Start of Input material
(* Let $R$ be a commutative ring with $1$ and $M$ a finitely generated flat $R$-module. Then the annihilator $\operatorname{Ann}_R(M)$ is a pure ideal of $R$.
   Context: An ideal $I$ of a commutative ring $R$ is called pure if the canonical ring map $R\to R/I$ is flat, i.e. $R/I$ is a flat $R$-module. *)

theory Defs
  imports Complex_Main
begin

text \<open>
  We treat modules of the form N = 'm / K for an R-submodule K of 'm; in particular
  M = 'm / {0} and R / I = 'a / I (with scale = (*)).

  Tensor products J \<otimes>_R N (J an ideal of R) are built concretely: formal finite
  Z-linear combinations of pairs (j, m) with j in J (functions 'a \<times> 'm \<Rightarrow> int with finite
  support in J \<times> UNIV), modulo the subgroup generated by the bilinearity / balancing
  relations and by the pairs (j, k) with k in K (which are zero in N = 'm / K).
\<close>

definition delta :: "'x \<Rightarrow> 'x \<Rightarrow> int" where
  "delta p = (\<lambda>q. if q = p then 1 else 0)"

definition ideal :: "'a::comm_ring_1 set \<Rightarrow> bool" where
  "ideal J \<longleftrightarrow> module.subspace ((*) :: 'a \<Rightarrow> 'a \<Rightarrow> 'a) J"

definition tensor_gens ::
  "'a::comm_ring_1 set \<Rightarrow> ('a \<Rightarrow> 'm::ab_group_add \<Rightarrow> 'm) \<Rightarrow> 'm set \<Rightarrow> ('a \<times> 'm \<Rightarrow> int) set" where
  "tensor_gens J scale K =
     {(\<lambda>q. delta (j + j', m) q - delta (j, m) q - delta (j', m) q) | j j' m. j \<in> J \<and> j' \<in> J}
   \<union> {(\<lambda>q. delta (j, m + m') q - delta (j, m) q - delta (j, m') q) | j m m'. j \<in> J}
   \<union> {(\<lambda>q. delta (r * j, m) q - delta (j, scale r m) q) | r j m. j \<in> J}
   \<union> {delta (j, k) | j k. j \<in> J \<and> k \<in> K}"

inductive_set tensor_rel ::
  "'a::comm_ring_1 set \<Rightarrow> ('a \<Rightarrow> 'm::ab_group_add \<Rightarrow> 'm) \<Rightarrow> 'm set \<Rightarrow> ('a \<times> 'm \<Rightarrow> int) set"
  for J scale K where
  gen: "g \<in> tensor_gens J scale K \<Longrightarrow> g \<in> tensor_rel J scale K"
| zero: "(\<lambda>_. 0) \<in> tensor_rel J scale K"
| diff: "x \<in> tensor_rel J scale K \<Longrightarrow> y \<in> tensor_rel J scale K \<Longrightarrow> (\<lambda>q. x q - y q) \<in> tensor_rel J scale K"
End of Input material
_What the exercise asks_
The entries above must each be repeated exactly.

_Result of this task_
(* Let $R$ be a commutative ring with $1$ and $M$ a finitely generated flat $R$-module. Then the annihilator $\operatorname{Ann}_R(M)$ is a pure ideal of $R$.
   Context: An ideal $I$ of a commutative ring $R$ is called pure if the canonical ring map $R\to R/I$ is flat, i.e. $R/I$ is a flat $R$-module. *)

theory Defs
  imports Complex_Main
begin

text \<open>
  We treat modules of the form N = 'm / K for an R-submodule K of 'm; in particular
  M = 'm / {0} and R / I = 'a / I (with scale = (*)).

  Tensor products J \<otimes>_R N (J an ideal of R) are built concretely: formal finite
  Z-linear combinations of pairs (j, m) with j in J (functions 'a \<times> 'm \<Rightarrow> int with finite
  support in J \<times> UNIV), modulo the subgroup generated by the bilinearity / balancing
  relations and by the pairs (j, k) with k in K (which are zero in N = 'm / K).
\<close>

definition delta :: "'x \<Rightarrow> 'x \<Rightarrow> int" where
  "delta p = (\<lambda>q. if q = p then 1 else 0)"

definition ideal :: "'a::comm_ring_1 set \<Rightarrow> bool" where
  "ideal J \<longleftrightarrow> module.subspace ((*) :: 'a \<Rightarrow> 'a \<Rightarrow> 'a) J"

definition tensor_gens ::
  "'a::comm_ring_1 set \<Rightarrow> ('a \<Rightarrow> 'm::ab_group_add \<Rightarrow> 'm) \<Rightarrow> 'm set \<Rightarrow> ('a \<times> 'm \<Rightarrow> int) set" where
  "tensor_gens J scale K =
     {(\<lambda>q. delta (j + j', m) q - delta (j, m) q - delta (j', m) q) | j j' m. j \<in> J \<and> j' \<in> J}
   \<union> {(\<lambda>q. delta (j, m + m') q - delta (j, m) q - delta (j, m') q) | j m m'. j \<in> J}
   \<union> {(\<lambda>q. delta (r * j, m) q - delta (j, scale r m) q) | r j m. j \<in> J}
   \<union> {delta (j, k) | j k. j \<in> J \<and> k \<in> K}"

inductive_set tensor_rel ::
  "'a::comm_ring_1 set \<Rightarrow> ('a \<Rightarrow> 'm::ab_group_add \<Rightarrow> 'm) \<Rightarrow> 'm set \<Rightarrow> ('a \<times> 'm \<Rightarrow> int) set"
  for J scale K where
  gen: "g \<in> tensor_gens J scale K \<Longrightarrow> g \<in> tensor_rel J scale K"
| zero: "(\<lambda>_. 0) \<in> tensor_rel J scale K"
| diff: "x \<in> tensor_rel J scale K \<Longrightarrow> y \<in> tensor_rel J scale K \<Longrightarrow> (\<lambda>q. x q - y q) \<in> tensor_rel J scale K"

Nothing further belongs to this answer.